[Saved data entries]
- Opening Delimiter -

(* Assume the setting and Assumptions A1–A4 below. Run Ader with dynamical models (below) with \[ \mathcal{H}=\Big\{\eta_i=\frac{2^{i-1}D}{G}\sqrt{\frac1T}\ :\ i=1,\dots,N\Big\},\quad N=\Big\lceil\tfrac12\log_2(1+2T)\Big\rceil+1,\quad\alpha=\sqrt{8/(Tc^2)}. \] Then for any comparator sequence $\mathbf{u}_1,\dots,\mathbf{u}_{T+1}\in\mathcal{X}$, with $P_T'=\sum_{t=1}^T\|\mathbf{u}_{t+1}-\Phi_t(\mathbf{u}_t)\|_2$ and $k=\lfloor\frac12\log_2(1+\frac{2P_T'}{D})\rfloor+1$, \[ \sum_{t=1}^T f_t(\mathbf{x}_t)-\sum_{t=1}^T f_t(\mathbf{u}_t)\le\frac{3G}{2}\sqrt{T(D^2+2DP_T')}+\frac{c\sqrt{2T}}{4}\big[1+2\ln(k+1)\big]=O\big(\sqrt{T(1+P_T')}\big). \]
   Context: Setting: $\mathcal{X}\subseteq\mathbb{R}^d$ nonempty closed convex; $f_t:\mathcal{X}\to\mathbb{R}$ convex differentiable, revealed after $\mathbf{x}_t$ is played. A1: $a\le f_t(\mathbf{x})\le a+c$ on $\mathcal{X}$. A2: $\max_{\mathbf{x}\in\mathcal{X}}\|\nabla f_t(\mathbf{x})\|_2\le G$. A3: $\mathbf{0}\in\mathcal{X}$, diameter of $\mathcal{X}$ at most $D$. A4: given maps $\Phi_t:\mathcal{X}\to\mathcal{X}$ with $\|\Phi_t(\mathbf{x})-\Phi_t(\mathbf{x}')\|_2\le\|\mathbf{x}-\mathbf{x}'\|_2$. Ader with dynamical models: for $\mathcal{H}=\{\eta_1\le\dots\le\eta_N\}$, one expert per $\eta$ starting at arbitrary $\mathbf{x}_1^\eta\in\mathcal{X}$ and updating $\bar{\mathbf{x}}_{t+1}^\eta=\Pi_{\mathcal{X}}[\mathbf{x}_t^\eta-\eta\nabla f_t(\mathbf{x}_t^\eta)]$, $\mathbf{x}_{t+1}^\eta=\Phi_t(\bar{\mathbf{x}}_{t+1}^\eta)$; initial weights $w_1^{\eta_i}=\frac{C}{i(i+1)}$, $C=1+1/N$; output $\mathbf{x}_t=\sum_\eta w_t^\eta\mathbf{x}_t^\eta$; weights $w_{t+1}^\eta=\frac{w_t^\eta e^{-\alpha f_t(\mathbf{x}_t^\eta)}}{\sum_\mu w_t^\mu e^{-\alpha f_t(\mathbf{x}_t^\mu)}}$. *)

theory Defs
  imports "HOL-Analysis.Analysis"
begin

text \<open>Time index t starts at 1; the value at index 0 is irrelevant.\<close>

fun ader_expert :: "'a::euclidean_space set \<Rightarrow> (nat \<Rightarrow> 'a \<Rightarrow> 'a) \<Rightarrow> (nat \<Rightarrow> 'a \<Rightarrow> 'a)
     \<Rightarrow> (nat \<Rightarrow> real) \<Rightarrow> (nat \<Rightarrow> 'a) \<Rightarrow> nat \<Rightarrow> nat \<Rightarrow> 'a" where
  "ader_expert X Phi grad eta x1 i 0 = x1 i"
| "ader_expert X Phi grad eta x1 i (Suc t) =
     (if t = 0 then x1 i
      else Phi t (closest_point X (ader_expert X Phi grad eta x1 i t
                                   - eta i *\<^sub>R grad t (ader_expert X Phi grad eta x1 i t))))"

fun ader_weight :: "(nat \<Rightarrow> 'a \<Rightarrow> real) \<Rightarrow> nat \<Rightarrow> real \<Rightarrow> (nat \<Rightarrow> nat \<Rightarrow> 'a) \<Rightarrow> nat \<Rightarrow> nat \<Rightarrow> real" where
  "ader_weight f N alpha ex 0 i = (1 + 1 / real N) / (real i * (real i + 1))"
| "ader_weight f N alpha ex (Suc t) i =
     (if t = 0 then (1 + 1 / real N) / (real i * (real i + 1))
      else ader_weight f N alpha ex t i * exp (- alpha * f t (ex i t))
           / (\<Sum>j\<in>{1..N}. ader_weight f N alpha ex t j * exp (- alpha * f t (ex j t))))"

definition ader_output :: "(nat \<Rightarrow> 'a \<Rightarrow> real) \<Rightarrow> nat \<Rightarrow> real \<Rightarrow> (nat \<Rightarrow> nat \<Rightarrow> 'a::real_vector) \<Rightarrow> nat \<Rightarrow> 'a" where
  "ader_output f N alpha ex t = (\<Sum>i\<in>{1..N}. ader_weight f N alpha ex t i *\<^sub>R ex i t)"

end

theory Submission
  imports Defs "HOL-Probability.Hoeffding"
begin

text \<open>Telescoping \<open>\<parallel>x\<^sub>t - u\<^sub>t\<parallel>\<^sup>2\<close> against a dynamic comparator leaves, besides
  \<open>\<eta>G\<^sup>2/2\<close> per round, only the drift \<open>\<parallel>u\<^sub>t\<^sub>+\<^sub>1 - \<Phi>\<^sub>t u\<^sub>t\<parallel>\<close> weighted by \<open>2D\<close>, so
  the expert with step \<open>\<eta>\<close> has regret \<open>(D\<^sup>2 + 2DP)/(2\<eta>) + \<eta>TG\<^sup>2/2\<close>. The geometric grid
  contains a step within a factor 2 of the minimiser, which gives \<open>3G/2 \<cdot> \<surd>(T(D\<^sup>2 + 2DP))\<close>.
  The meta-algorithm weights the experts exponentially in their losses: by convexity and
  Hoeffding's lemma the log-potential drops by at least \<open>\<alpha>f\<^sub>t(x\<^sub>t) - \<alpha>\<^sup>2c\<^sup>2/8\<close> per round,
  so the regret against expert \<open>k\<close> is \<open>ln(1/w\<^sub>1\<^sup>k)/\<alpha> + T\<alpha>c\<^sup>2/8\<close>, and
  \<open>w\<^sub>1\<^sup>k \<ge> 1/(k+1)\<^sup>2\<close> with the tuned \<open>\<alpha>\<close> turns this into \<open>c\<surd>(2T)/4 \<cdot> (1 + 2 ln(k+1))\<close>.\<close>

lemma hoeffding_bernoulli_mgf_le:
  fixes h p :: real
  assumes h: "h \<ge> 0" and p: "0 \<le> p" "p \<le> 1"
  shows "1 - p + p * exp (-h) \<le> exp (h\<^sup>2 / 8 - h * p)"
proof -
  have pos: "1 - p + p * exp (-h) > 0"
    using p by (cases "p = 1") (auto intro: add_nonneg_pos add_pos_nonneg)
  have "1 + (1 - p) * (exp h - 1) = exp h * (1 - p + p * exp (-h))"
    by (simp add: algebra_simps exp_minus)
  hence "ln (1 + (1 - p) * (exp h - 1)) = h + ln (1 - p + p * exp (-h))"
    using pos by (simp add: ln_mult)
  moreover have "-h * (1 - p) + ln (1 + (1 - p) * (exp h - 1)) \<le> h\<^sup>2 / 8"
    using Hoeffdings_lemma_aux[of h "1 - p"] h p by simp
  ultimately have "ln (1 - p + p * exp (-h)) \<le> h\<^sup>2 / 8 - h * p"
    by (simp add: algebra_simps)
  thus ?thesis
    using pos by (metis exp_le_cancel_iff exp_ln)
qed

lemma exp_neg_le_chord:
  fixes l y a c :: real
  assumes "a \<le> y" "y \<le> a + c" "c > 0"
  shows "exp (-l * y) \<le> exp (-l * a) + (y - a) / c * (exp (-l * (a + c)) - exp (-l * a))"
proof -
  define s where "s = (y - a) / c"
  have s: "0 \<le> s" "s \<le> 1" using assms by (auto simp: s_def divide_simps)
  have "-l * y = (1 - s) * (-l * a) + s * (-l * (a + c))"
    using assms by (simp add: s_def field_simps)
  also have "exp \<dots> \<le> (1 - s) * exp (-l * a) + s * exp (-l * (a + c))"
    using convex_onD[OF exp_convex, of s "-l * a" "-l * (a + c)"] s by simp
  finally show ?thesis by (simp add: s_def algebra_simps)
qed

lemma weighted_exp_le_hoeffding:
  fixes w y :: "'i \<Rightarrow> real"
  assumes S: "finite S" and w1: "sum w S = 1" and w0: "\<And>i. i \<in> S \<Longrightarrow> w i \<ge> 0"
    and y: "\<And>i. i \<in> S \<Longrightarrow> a \<le> y i \<and> y i \<le> a + c" and c: "c > 0" and l: "l \<ge> 0"
  shows "(\<Sum>i\<in>S. w i * exp (-l * y i)) \<le> exp (-l * (\<Sum>i\<in>S. w i * y i) + l\<^sup>2 * c\<^sup>2 / 8)"
proof -
  define m where "m = (\<Sum>i\<in>S. w i * y i)"
  define p where "p = (m - a) / c"
  define d where "d = (exp (-l * (a + c)) - exp (-l * a)) / c"
  have "(\<Sum>i\<in>S. w i * a) \<le> m" "m \<le> (\<Sum>i\<in>S. w i * (a + c))"
    unfolding m_def by (auto intro!: sum_mono mult_left_mono simp: y w0)
  hence p: "0 \<le> p" "p \<le> 1"
    using w1 c by (auto simp: p_def divide_simps sum_distrib_right[symmetric])
  have "(\<Sum>i\<in>S. w i * exp (-l * y i))
      \<le> (\<Sum>i\<in>S. w i * (exp (-l * a) + (y i - a) / c * (exp (-l * (a + c)) - exp (-l * a))))"
    by (intro sum_mono mult_left_mono exp_neg_le_chord) (auto simp: y w0 c)
  also have "\<dots> = (\<Sum>i\<in>S. w i * exp (-l * a) + (w i * y i - w i * a) * d)"
    using c by (intro sum.cong) (auto simp: d_def field_simps)
  also have "\<dots> = exp (-l * a) + (m - a) * d"
    using w1 by (simp add: m_def sum.distrib sum_subtractf
        sum_distrib_left[symmetric] sum_distrib_right[symmetric])
  also have "\<dots> = exp (-l * a) + p * (exp (-l * (a + c)) - exp (-l * a))"
    by (simp add: p_def d_def)
  also have "\<dots> = exp (-l * a) * (1 - p + p * exp (-(l * c)))"
    by (simp add: algebra_simps exp_add[symmetric])
  also have "\<dots> \<le> exp (-l * a) * exp ((l * c)\<^sup>2 / 8 - l * c * p)"
    using hoeffding_bernoulli_mgf_le[of "l * c" p] l c p by simp
  also have "\<dots> = exp (-l * m + l\<^sup>2 * c\<^sup>2 / 8)"
    using c by (simp add: exp_add[symmetric] p_def field_simps power2_eq_square)
  finally show ?thesis by (simp add: m_def)
qed

definition ader_prior :: "nat \<Rightarrow> nat \<Rightarrow> real" where
  "ader_prior N i = (1 + 1 / real N) / (real i * (real i + 1))"

definition ader_potential ::
    "(nat \<Rightarrow> 'a \<Rightarrow> real) \<Rightarrow> nat \<Rightarrow> real \<Rightarrow> (nat \<Rightarrow> nat \<Rightarrow> 'a) \<Rightarrow> nat \<Rightarrow> real" where
  "ader_potential f N alpha ex s =
     (\<Sum>j=1..N. ader_prior N j * exp (- alpha * (\<Sum>\<tau>=1..s. f \<tau> (ex j \<tau>))))"

lemma sum_inverse_consecutive_products:
  "(\<Sum>i=1..n. 1 / (real i * (real i + 1))) = real n / (real n + 1)"
proof (induction n)
  case (Suc n)
  have "real n + 1 > 0" "real n + 2 > 0" by linarith+
  hence "real n / (real n + 1) + 1 / ((real n + 1) * (real n + 2)) = (real n + 1) / (real n + 2)"
    by (simp add: divide_simps) (simp add: algebra_simps)
  with Suc.IH show ?case by (simp add: add.commute)
qed simp

lemma sum_ader_prior:
  assumes "N \<ge> 1"
  shows "(\<Sum>i=1..N. ader_prior N i) = 1"
proof -
  have "(\<Sum>i=1..N. ader_prior N i) = (1 + 1 / real N) * (\<Sum>i=1..N. 1 / (real i * (real i + 1)))"
    by (simp add: ader_prior_def sum_distrib_left)
  also have "\<dots> = (1 + 1 / real N) * (real N / (real N + 1))"
    by (simp only: sum_inverse_consecutive_products)
  also have "\<dots> = 1"
    using assms by (simp add: divide_simps)
  finally show ?thesis .
qed

lemma ader_prior_pos: "i \<ge> 1 \<Longrightarrow> ader_prior N i > 0"
  unfolding ader_prior_def by (auto intro!: divide_pos_pos add_pos_nonneg)

lemma ln_inverse_ader_prior_le:
  assumes "i \<ge> 1"
  shows "ln (1 / ader_prior N i) \<le> 2 * ln (real i + 1)"
proof -
  have "1 / ader_prior N i = real i * (real i + 1) / (1 + 1 / real N)"
    by (simp add: ader_prior_def)
  also have "\<dots> \<le> (real i + 1) ^ 2"
    by (intro mult_imp_div_pos_le add_pos_nonneg) (auto simp: power2_eq_square field_simps)
  finally have "ln (1 / ader_prior N i) \<le> ln ((real i + 1) ^ 2)"
    using ader_prior_pos[OF assms] by (intro ln_mono) auto
  thus ?thesis by (simp add: ln_realpow)
qed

- Closing Delimiter -

## WORK ORDER
Could you retype exactly the lines above, starting at the line that contains "S \<Longrightarrow> w" and ending at the line that contains "define p where", and nothing more?

## EXPECTED ANSWER
  assumes S: "finite S" and w1: "sum w S = 1" and w0: "\<And>i. i \<in> S \<Longrightarrow> w i \<ge> 0"
    and y: "\<And>i. i \<in> S \<Longrightarrow> a \<le> y i \<and> y i \<le> a + c" and c: "c > 0" and l: "l \<ge> 0"
  shows "(\<Sum>i\<in>S. w i * exp (-l * y i)) \<le> exp (-l * (\<Sum>i\<in>S. w i * y i) + l\<^sup>2 * c\<^sup>2 / 8)"
proof -
  define m where "m = (\<Sum>i\<in>S. w i * y i)"
  define p where "p = (m - a) / c"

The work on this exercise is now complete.